1751-10-13, de Augustin Louis Marie Texada, marquis de Ximénès à Voltaire [François Marie Arouet].

(Je mets mon Xà la tête au lieu de la mettre à la fin de ma lettre).

Enfin vous triomphez des cœurs et de l'Envie.
Mahomet, comme un dieu, règne sur nos esprits
Et trouve, par votre art, au milieu de Paris
Autant d'adorateurs qu'il en eut dans L'Asie.

Reste à faire triompher Rome et Ciceron. Ce prince des orateurs mérite bien d'être vangé, et par qui peut-il l'être aussi bien que par vous? pourrait-il remettre sa cause en de meilleures mains? Cependant je ne sais si tout grand homme que fut Ciceron il seroit bien content d'être défendu par vous. Un pareil défenseur, ressemble assez (du moins en un point) à ces maires du palais qui laissoient à des roys oisifs et fainéants des titres pompeux et inutiles, quand ils s'en approprioient toute l'autorité.

Quoy qu'il en soit, je ne suis point inquiet de votre ouvrage, mais bien de vos acteurs.

Vous faites penser Ciceron et Cesar, mais qui les fera parler?

Votre rôle D'Aurelie surtout me fait trembler. En vérité une Romaine et une Romaine épouse de Catilina ne ressemble guères à la jeune et tendre Zaire, à la naïve Lucinde ny à l'impatiente Zeneide, et ne doit pas s'exprimer comme elles. Voilà cependant les seuls rôles où mlle Gaussin ait mérité par son talent des applaudissements, qu'elle a dû, dans sa jeunesse, à ses amants et à ses charmes que vous ne reconnoitriez plus.

Vous voyez que je romps le silence avec courage sur un article assez délicat. Mais je suis trop de vos amis pour ne pas vous parler avec cette liberté.

Je puis me tromper, mais je ne vous trompe sûrement point.

Vous avez des amis qui vous aiment pour eux, moy je vous aime pour vous.

Leurs intérêts particuliers quelquefois les font parler, le vôtre seul m'inspire.

Je sais d'ailleurs les engagements que vous avez avec madlle Gaussin, mais je sais encor mieux que quand on a fait une faute il n'en faut point faire deux si l'on peut. Je voudrois avoir toujours pensé de même.

Je crois que vous avez mal fait de luy donner votre Aurelie, mais que vous feriez plus mal de la luy laisser.
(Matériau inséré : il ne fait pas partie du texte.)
lemma third_residues_props:
  assumes x: "x \<in> {0..<n}" and y: "y \<in> {0..<n}" and xy: "x \<noteq> y"
    and not_K: "\<not> (x \<in> fano_points \<and> y \<in> fano_points)"
  shows "third x y \<in> points \<and> third x y \<noteq> y \<and> third x (third x y) = y"
proof (cases "y = times_neg2 x")
  case True
  then have "x \<notin> fano_points"
    using not_K x y m_dvd_times_neg2_iff residue_not_fano_iff by blast
  then have "third x (infty (colour x)) = y" using third_infty_right True by simp
  moreover have "third x y = infty (colour x)" using third_residues[OF x y not_K] True by simp
  moreover have "infty (colour x) \<noteq> y" using infty_not_residue y by metis
  ultimately show ?thesis using infty_in_points by simp
next
  case neg2_y: False
  show ?thesis
  proof (cases "x = times_neg2 y")
    case True
    then have y_not_dvd: "\<not> m dvd y"
      using not_K x y m_dvd_times_neg2_iff residue_not_fano_iff by blast
    then have "x \<notin> fano_points" using True m_dvd_times_neg2_iff residue_not_fano_iff[OF x] by simp
    moreover have "colour x \<longleftrightarrow> \<not> colour y" using colour_times_neg2[OF y_not_dvd] True by simp
    moreover have "half_neg x = y" using half_neg_times_neg2[OF y] True by simp
    ultimately have "third x (infty (colour y)) = y" using third_infty_right by simp
    moreover have "third x y = infty (colour y)" using third_residues[OF x y not_K] neg2_y True by simp
    moreover have "infty (colour y) \<noteq> y" using infty_not_residue y by metis
    ultimately show ?thesis using infty_in_points by simp
  next
    case False
    define z where "z = (- x - y) mod n"
    have third_xy: "third x y = z" using third_residues[OF x y not_K] neg2_y False z_def by simp
    have z: "z \<in> {0..<n}" using n_pos z_def by simp
    have sum: "n dvd x + y + z" using n_dvd_add_neg_sum_mod z_def by simp
    have dx: "n dvd times_neg2 x + 2 * x" and dy: "n dvd times_neg2 y + 2 * y"
      and dz: "n dvd times_neg2 z + 2 * z"
      by (rule dvd_times_neg2)+
    have "z \<noteq> x"
    proof
      assume "z = x"
      have "n dvd (times_neg2 x + 2 * x) - (x + y + z)" using dx sum by (rule dvd_diff)
      then have "n dvd times_neg2 x - y" using \<open>z = x\<close> by (simp add: algebra_simps)
      then show False using neg2_y residue_eq_iff[OF times_neg2_range y] by metis
    qed
    have "z \<noteq> y"
    proof
      assume "z = y"
      have "n dvd (times_neg2 y + 2 * y) - (x + y + z)" using dy sum by (rule dvd_diff)
      then have "n dvd times_neg2 y - x" using \<open>z = y\<close> by (simp add: algebra_simps)
      then show False using False residue_eq_iff[OF times_neg2_range x] by metis
    qed
    have not_K_xz: "\<not> (x \<in> fano_points \<and> z \<in> fano_points)"
    proof
      assume "x \<in> fano_points \<and> z \<in> fano_points"
      then have "m dvd x" "m dvd z" using residue_not_fano_iff x z by blast+
      moreover have "m dvd x + y + z" using sum m_dvd_n by (rule dvd_trans[rotated])
      ultimately have "m dvd y" by (metis dvd_add_left_iff dvd_add_right_iff)
      then show False using not_K \<open>m dvd x\<close> residue_not_fano_iff x y by blast
    qed
    have "z \<noteq> times_neg2 x"
    proof
      assume "z = times_neg2 x"
      have "n dvd (x + y + z) - (times_neg2 x + 2 * x)" using sum dx by (rule dvd_diff)
      then have "n dvd y - x" using \<open>z = times_neg2 x\<close> by (simp add: algebra_simps)
      then show False using xy residue_eq_iff[OF y x] by metis
    qed
    moreover have "x \<noteq> times_neg2 z"
    proof
      assume "x = times_neg2 z"
      have "n dvd (times_neg2 y + 2 * y) + ((times_neg2 z + 2 * z) - 2 * (x + y + z))"
        using dvd_add[OF dy dvd_diff[OF dz dvd_mult[OF sum]]] .
      then have "n dvd times_neg2 y - x" using \<open>x = times_neg2 z\<close> by (simp add: algebra_simps)
      then show False using False residue_eq_iff[OF times_neg2_range x] by metis
    qed
    moreover have "(- x - z) mod n = y"
    proof -
      have "(- x - z) - y = - (x + y + z)" by simp
      then show ?thesis using mod_n_eq_iff[OF y] sum by (simp only: dvd_minus_iff)
    qed
    ultimately have "third x z = y" using third_residues[OF x z not_K_xz] by simp
    then show ?thesis using third_xy z \<open>z \<noteq> y\<close> by (simp add: points_def)
  qed
qed
text \<open>The guard \<open>z \<in> Gamma H u\<close> in \<open>mu_in\<close> is redundant: reversing a hyperedge that enters u
  from z gives one that leaves u towards z.\<close>

lemma mu_in_off_center:
  assumes "z \<noteq> u"
  shows "mu_in H w \<alpha> u z = (1 - \<alpha>) * (\<Sum>h\<in>{h\<in>H. u \<in> snd h \<and> z \<in> fst h}.
           1 / real (card (fst h)) * (w h / (\<Sum>g\<in>{g\<in>H. u \<in> snd g}. w g)))"
proof (cases "z \<in> Gamma H u")
  case False
  then have "{h\<in>H. u \<in> snd h \<and> z \<in> fst h} = {}"
    using reversal_in_hedges by (fastforce simp: Gamma_def)
  moreover have "mu_in H w \<alpha> u z = 0"
    using False assms by (simp add: mu_in_def)
  ultimately show ?thesis
    by (simp only: sum.empty mult_zero_right)
qed (use assms in \<open>simp add: mu_in_def\<close>)

lemma mu_in_mass:
  assumes "u \<in> V" "h\<^sub>0 \<in> H" "u \<in> snd h\<^sub>0"
  shows "sum (mu_in H w \<alpha> u) V = 1"
proof -
  define Hu where "Hu = {h\<in>H. u \<in> snd h}"
  define c where "c h = 1 / real (card (fst h)) * (w h / sum w Hu)" for h
  have "finite Hu"
    using finite_hedges by (simp add: Hu_def)
  have "0 < sum w Hu"
    using \<open>finite Hu\<close> assms(2,3) weight_pos by (intro sum_pos2[of _ h\<^sub>0]) (auto simp: Hu_def less_imp_le)
  have off: "mu_in H w \<alpha> u x = (1 - \<alpha>) * (\<Sum>h\<in>{h\<in>Hu. x \<in> fst h}. c h)" if "x \<noteq> u" for x
    using mu_in_off_center[OF that] unfolding Hu_def c_def by (simp add: conj_assoc)
  have no_loop: "{h\<in>Hu. u \<in> fst h} = {}"
    using hedge_disjoint unfolding Hu_def by blast
  have tail_sum: "(\<Sum>x\<in>{x\<in>V. x \<in> fst h}. c h) = w h / sum w Hu" if "h \<in> Hu" for h
  proof -
    have "fst h \<subseteq> V" "fst h \<noteq> {}"
      using that hedge_subset hedge_nonempty by (auto simp: Hu_def)
    then have "{x\<in>V. x \<in> fst h} = fst h" and "finite (fst h)"
      using finite_vertices finite_subset by auto
    with \<open>fst h \<noteq> {}\<close> show ?thesis
      by (simp add: c_def)
  qed
  have "sum (mu_in H w \<alpha> u) V = \<alpha> + (\<Sum>x\<in>V - {u}. (1 - \<alpha>) * (\<Sum>h\<in>{h\<in>Hu. x \<in> fst h}. c h))"
    using assms(1) finite_vertices off by (simp add: sum.remove)
  also have "\<dots> = \<alpha> + (1 - \<alpha>) * (\<Sum>x\<in>V. \<Sum>h\<in>{h\<in>Hu. x \<in> fst h}. c h)"
    using assms(1) finite_vertices by (simp add: sum.remove no_loop sum_distrib_left)
  also have "\<dots> = \<alpha> + (1 - \<alpha>) * (\<Sum>h\<in>Hu. \<Sum>x\<in>{x\<in>V. x \<in> fst h}. c h)"
    using finite_vertices \<open>finite Hu\<close> by (simp add: sum.swap_restrict)
  also have "\<dots> = 1"
    using tail_sum \<open>0 < sum w Hu\<close> by (simp add: sum_divide_distrib[symmetric])
  finally show ?thesis .
qed

lemma distribution_mu_in:
  assumes "u \<in> V" "h \<in> H" "u \<in> snd h" "0 \<le> \<alpha>" "\<alpha> \<le> 1"
  shows "distribution_on V (mu_in H w \<alpha> u)"
proof -
  have "mu_in H w \<alpha> u x = 0" if "x \<notin> V" for x
    using that assms(1) mu_in_support Gamma_subset by (metis in_mono)
  then show ?thesis
    using mu_in_nonneg[OF assms(4,5)] mu_in_mass[OF assms(1-3)] by (simp add: distribution_on_def)
qed

lemma mu_in_moment:
  assumes "u \<in> V" "h \<in> H" "u \<in> snd h" "0 \<le> \<alpha>" "\<alpha> \<le> 1"
  shows "(\<Sum>x\<in>V. mu_in H w \<alpha> u x * hdist H w u x) \<le> (1 - \<alpha>) * Max (w ` H)"
proof -
  have "(\<Sum>x\<in>V. mu_in H w \<alpha> u x * hdist H w u x)
          \<le> (sum (mu_in H w \<alpha> u) V - mu_in H w \<alpha> u u) * Max (w ` H)"
  proof (rule weighted_sum_le_off_point[OF finite_vertices assms(1)])
    fix x assume "x \<noteq> u" "mu_in H w \<alpha> u x \<noteq> 0"
    then obtain g where "g \<in> H" "u \<in> fst g" "x \<in> snd g"
      using mu_in_support unfolding Gamma_def by blast
    then show "hdist H w u x \<le> Max (w ` H)"
      by (rule hdist_le_Max_weight)
  qed (use mu_in_nonneg assms(4,5) in auto)
  then show ?thesis
    using mu_in_mass[OF assms(1-3)] by simp
qed

lemma mu_out_moment:
  assumes "v \<in> V" "h \<in> H" "v \<in> snd h" "0 \<le> \<alpha>" "\<alpha> \<le> 1"
  shows "(\<Sum>y\<in>V. mu_out H w \<alpha> v y * hdist H w y v) \<le> (1 - \<alpha>) * Max (w ` H)"
proof -
  have "(\<Sum>y\<in>V. mu_in H w \<alpha> v y * hdist H w y v)
          \<le> (sum (mu_in H w \<alpha> v) V - mu_in H w \<alpha> v v) * Max (w ` H)"
  proof (rule weighted_sum_le_off_point[OF finite_vertices assms(1)])
    fix y assume "y \<noteq> v" "mu_in H w \<alpha> v y \<noteq> 0"
    then obtain g where "g \<in> H" "v \<in> fst g" "y \<in> snd g"
      using mu_in_support unfolding Gamma_def by blast
    then show "hdist H w y v \<le> Max (w ` H)"
      using hdist_le_Max_weight[of "prod.swap g"] reversal_in_hedges by simp
  qed (use mu_in_nonneg assms(4,5) in auto)
  then show ?thesis
    using mu_in_mass[OF assms(1-3)] by (simp add: mu_out_eq_mu_in)
qed

end

locale connected_oriented_hypergraph = oriented_hypergraph +
  assumes strongly_connected: "strongly_connected V H"
begin

lemma path_exists:
  assumes "x \<in> V" "y \<in> V" "x \<noteq> y"
  obtains hs where "dpath H x y hs"
  using strongly_connected assms unfolding strongly_connected_def by blast

lemma hdist_ge_Min_weight:
  assumes "x \<in> V" "y \<in> V" "x \<noteq> y"
  shows "Min (w ` H) \<le> hdist H w x y"
proof -
  obtain hs where "dpath H x y hs"
    using path_exists assms .
  then show ?thesis
    unfolding hdist_def using assms(3) path_weight_ge_Min by (auto intro!: cInf_greatest)
qed

lemma hdist_pos:
  assumes "x \<in> V" "y \<in> V" "x \<noteq> y"
  shows "0 < hdist H w x y"
proof -
  obtain hs where "dpath H x y hs"
    using path_exists assms .
  then have "H \<noteq> {}"
    unfolding dpath_def by (cases hs) auto
  then show ?thesis
    using Min_weight_pos hdist_ge_Min_weight[OF assms] by linarith
qed

lemma hdist_nonneg: "x \<in> V \<Longrightarrow> y \<in> V \<Longrightarrow> 0 \<le> hdist H w x y"
  using hdist_pos[of x y] by (cases "x = y") auto

lemma hdist_triangle:
  assumes "x \<in> V" "y \<in> V" "z \<in> V"
  shows "hdist H w x z \<le> hdist H w x y + hdist H w y z"
proof (cases "x = y \<or> y = z \<or> x = z")
  case True
  then show ?thesis
    using hdist_nonneg[of x y] hdist_nonneg[of y z] assms by auto
next
  case False
  then have xy: "x \<noteq> y" and yz: "y \<noteq> z" and xz: "x \<noteq> z"
    by auto
  have "hdist H w x z - sum_list (map w q) \<le> hdist H w x y" if q: "dpath H y z q" for q
  proof -
    have "hdist H w x z - sum_list (map w q) \<le> sum_list (map w p)" if "dpath H x y p" for p
      using hdist_le_path_weight[OF xz dpath_append[OF that q]] by simp
    moreover obtain p where "dpath H x y p"
      using path_exists assms(1,2) xy .
    ultimately show ?thesis
      unfolding hdist_def using xy by (force intro!: cInf_greatest)
  qed
  moreover obtain q where "dpath H y z q"
    using path_exists assms(2,3) yz .
  ultimately have "hdist H w x z - hdist H w x y \<le> Inf {sum_list (map w hs) | hs. dpath H y z hs}"
    by (force intro!: cInf_greatest)
  then show ?thesis
    using yz by (simp add: hdist_def[of H w y z])
qed

lemma incoming_hedge:
  assumes "u \<in> V" "x \<in> V" "u \<noteq> x"
  obtains h where "h \<in> H" "u \<in> snd h"
proof -
  obtain hs where "dpath H u x hs"
    using path_exists assms .
  then have "hd hs \<in> H" "u \<in> fst (hd hs)"
    unfolding dpath_def by auto
  then show ?thesis
    using that[of "prod.swap (hd hs)"] reversal_in_hedges by simp
qed

lemma kappa_le_Max_weight:
  assumes "u \<in> V" "v \<in> V" "u \<noteq> v" "0 \<le> \<alpha>" "\<alpha> \<le> 1"
  shows "kappa V H w \<alpha> u v \<le> 2 * (1 - \<alpha>) * Max (w ` H) / hdist H w u v"
proof -
  obtain hu where "hu \<in> H" "u \<in> snd hu"
    using incoming_hedge assms(1-3) .
  obtain hv where "hv \<in> H" "v \<in> snd hv"
    using incoming_hedge assms(2,1) assms(3)[symmetric] .
  have \<mu>: "distribution_on V (mu_in H w \<alpha> u)"
    using distribution_mu_in[OF assms(1) \<open>hu \<in> H\<close> \<open>u \<in> snd hu\<close> assms(4,5)] .
  have \<nu>: "distribution_on V (mu_out H w \<alpha> v)"
    using distribution_mu_in[OF assms(2) \<open>hv \<in> H\<close> \<open>v \<in> snd hv\<close> assms(4,5)]
    by (simp only: mu_out_eq_mu_in)
  let ?D = "hdist H w u v" and ?M = "Max (w ` H)"
    and ?W = "wasserstein V (hdist H w) (mu_in H w \<alpha> u) (mu_out H w \<alpha> v)"
  have "?D - 2 * (1 - \<alpha>) * ?M \<le> ?W"
    using wasserstein_ge_dist_minus_moments[where d = "hdist H w", OF \<mu> \<nu> assms(1,2) hdist_triangle]
      mu_in_moment[OF assms(1) \<open>hu \<in> H\<close> \<open>u \<in> snd hu\<close> assms(4,5)]
      mu_out_moment[OF assms(2) \<open>hv \<in> H\<close> \<open>v \<in> snd hv\<close> assms(4,5)]
    by linarith
  moreover have "0 < ?D"
    using hdist_pos assms(1-3) .
  ultimately have "1 - ?W / ?D \<le> 1 - (?D - 2 * (1 - \<alpha>) * ?M) / ?D"
    by (simp add: divide_right_mono)
  also have "\<dots> = 2 * (1 - \<alpha>) * ?M / ?D"
    using \<open>0 < ?D\<close> by (simp add: field_simps)
  finally show ?thesis
    unfolding kappa_def .
qed

end

theorem mainTheorem7:
  fixes V :: "'a set" and H :: "'a hedge set" and w :: "'a hedge \<Rightarrow> real"
    and u v :: 'a and \<alpha> :: real
  assumes "weighted_oriented_hypergraph V H w"
    and "strongly_connected V H"
    and "card V \<ge> 2"
    and "u \<in> V" and "v \<in> V" and "u \<noteq> v"
    and "0 \<le> \<alpha>" and "\<alpha> < 1"
  shows "kappa V H w \<alpha> u v / (1 - \<alpha>) \<le> 2 * Max (w ` H) / hdist H w u v"
proof -
  interpret connected_oriented_hypergraph V H w
    by unfold_locales (fact assms)+
  have "kappa V H w \<alpha> u v / (1 - \<alpha>) \<le> 2 * (1 - \<alpha>) * Max (w ` H) / hdist H w u v / (1 - \<alpha>)"
    using kappa_le_Max_weight[OF assms(4-7)] assms(8) by (intro divide_right_mono) auto
  also have "\<dots> = 2 * Max (w ` H) / hdist H w u v"
    using assms(8) hdist_pos[OF assms(4-6)] by (simp add: field_simps)
  finally show ?thesis .
qed

end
Je vous répète encor que vous me trouverez bien téméraire de décider aussi hardiment, mais je connois trop le rôle d'Aurelie et la monotonie de Gaussin pour ne pas vous ouvrir les yeux fermés peut-être par la prévention ou par la reconnaissance. Car mlle Gaussin vous aime et d'ailleurs c'est une très bonne et très jolie personne, pourvû qu'elle s'en tienne à son comique.

Je ne vous diray plus qu'un mot à ce sujet. Vous avez pour jouer Aurelie Mlle Dumesnil et mdlle Clairon, cette dernière a un organe bien supérieur et le rôle d'Aurelie n'est pas celuy D'Electre. L'amour ne parle pas comme la nature.

Adieu, monsieur, si vous ressentiez autant d'amitié que vous en inspirez, je doute que vous puissiez préférer encor longtems Berlin avec un grand roy, à Paris avec plusieurs vrays amis et une nièce unique.

C'est vous, monsieur, qui aurés l'honneur de cette révolution, si elle arrive un jour. Vous me promettrés de dire tout, et moi je vous jure de ne rien taire.

On dit, icy, que m. le Kain est dépositaire d'un trésor nouveau que vous venés de lui confier. On dit que c'est une Tragédie de Pierre le cruel. Mais j'en doute encor. Vous me fîtes l'honneur de me mander, il y a deux ans, que vous aviez abandonné ce sujet. Honorés moi de plus de confiance et soiés sûr que je garderai le secret avec autant de constance que je publirai nôtre ouvrage avec intrépidité. Je jouis d'avance du plaisir de voir nos idées jointes et rassemblées, il me semble que c'est entrer en partage de la souveraineté et que mon nom ne sauroit plus périr après une si glorieuse association.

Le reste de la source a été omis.